Ma i tempi di risposta?


----------



## Jazzy R&B (12 Gennaio 2019)

Molenko ha scritto:


> Se non vogliono spendere cosa è stato preso a fare Paqueta per 35 milioni?



Paqueta è stato definito prima della sentenza UEFA, che poi infatti ci ha pure fatto un richiamo ufficiale per il suo acquisto. A tempistiche invertite non avremmo manco Paquetà, quindi ringraziamo Leonardo che è riuscito ad agire in fretta ed abbastanza sottotraccia ed ha concluso l'acquisto prima della sentenza UEFA.


----------



## Casnop (12 Gennaio 2019)

Pampu7 ha scritto:


> Ma i tempi di risposta?


Non è stato riportato, ma certamente prima della udienza del Tas-Cas di Losanna, perché la negoziazione in corso sarebbe finalizzata ad estinguere quel procedimento tramite una conciliazione. Losanna sarebbe comunque informata dei colloqui in essere tra le parti, a suo dire.


----------



## Molenko (12 Gennaio 2019)

Jazzy R&B ha scritto:


> Paqueta è stato definito prima della sentenza UEFA, che poi infatti ci ha pure fatto un richiamo ufficiale per il suo acquisto. A tempistiche invertite non avremmo manco Paquetà, quindi ringraziamo Leonardo che è riuscito ad agire in fretta ed abbastanza sottotraccia ed ha concluso l'acquisto prima della sentenza UEFA.

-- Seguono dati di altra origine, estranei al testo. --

text \<open>Let \<open>\<Phi>\<close> give weight \<open>v\<^sub>k\<close> to an infected node \<open>k\<close> and weight 1 to a removed one. An
  infection of node \<open>i\<close> raises \<open>\<Phi>\<close> by \<open>v\<^sub>i\<close> at rate \<open>\<beta>\<^sub>i \<Sum>\<^sub>j a\<^sub>i\<^sub>j I\<^sub>j\<close>, a recovery of node \<open>j\<close>
  changes it by \<open>1 - v\<^sub>j\<close> at rate \<open>\<delta>\<^sub>j\<close>; collecting terms by \<open>j\<close>, the drift of \<open>\<Phi>\<close> is at most
  \<open>\<Sum>\<^sub>j I\<^sub>j ((v\<^sup>T J B A)\<^sub>j + \<delta>\<^sub>j - v\<^sub>j \<delta>\<^sub>j) \<le> 0\<close>. So \<open>E \<Phi>\<close> is non-increasing, while the
  number of removed nodes is non-decreasing and bounded by \<open>\<Phi>\<close>; its expectation therefore
  converges to a limit at most \<open>\<Phi>(x\<^sub>0) = v\<^sup>T I(0)\<close>. Both monotonicity statements follow from
  the Kolmogorov forward equation once the probabilities are known to be nonnegative, which
  holds by induction along the acyclic transition graph.\<close>

lemma DERIV_nonneg_imp_mono_on_atLeast:
  fixes F F' :: "real \<Rightarrow> real"
  assumes deriv: "\<And>t. t \<ge> c \<Longrightarrow> (F has_real_derivative F' t) (at t within {c..})"
    and nonneg: "\<And>t. t \<ge> c \<Longrightarrow> F' t \<ge> 0" and "c \<le> s" "s \<le> t"
  shows "F s \<le> F t"
proof -
  have "continuous_on {c..} F"
    unfolding continuous_on_eq_continuous_within
    using deriv DERIV_continuous by (metis atLeast_iff)
  then have cont: "continuous_on {s..t} F"
    by (rule continuous_on_subset) (use \<open>c \<le> s\<close> in auto)
  show ?thesis
  proof (rule DERIV_nonneg_imp_increasing_open[OF \<open>s \<le> t\<close> _ cont])
    fix x assume x: "s < x" "x < t"
    then have "at x within {c..} = at x"
      using \<open>c \<le> s\<close> by (intro at_within_interior) simp
    then show "\<exists>y. DERIV F x :> y \<and> 0 \<le> y"
      using deriv[of x] nonneg[of x] x \<open>c \<le> s\<close> by auto
  qed
qed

Ecco appunto, è quello che stanno cercando di farvi capire. Non possono spendere più di tanto perché non si può, non perché non si vuole. Poi se si pensa che siccome siamo fighi, abbiamo 7 champions, siamo il Milan, abbiamo fatto la storia del calcio, ecc. possiamo evadere qualsiasi regola (e non me ne frega nulla di quello che fanno PSG e City, che hanno comunque un fatturato superiore) lascio perdere ogni discorso.


----------



## Milanlove (12 Gennaio 2019)

tutto tempo perso. 
Mi sembra di tornare all'anno scorso con Fassone che prendeva tempo, incontriamo l'UEFA, facciamo chiarezza, vediamo qui, vediamo là.... poi la UEFA applica le regole che tutti gli altri club al mondo conoscono tranne noi e i nostri dirigenti. Poi cadiamo dal pero e ci scandalizziamo.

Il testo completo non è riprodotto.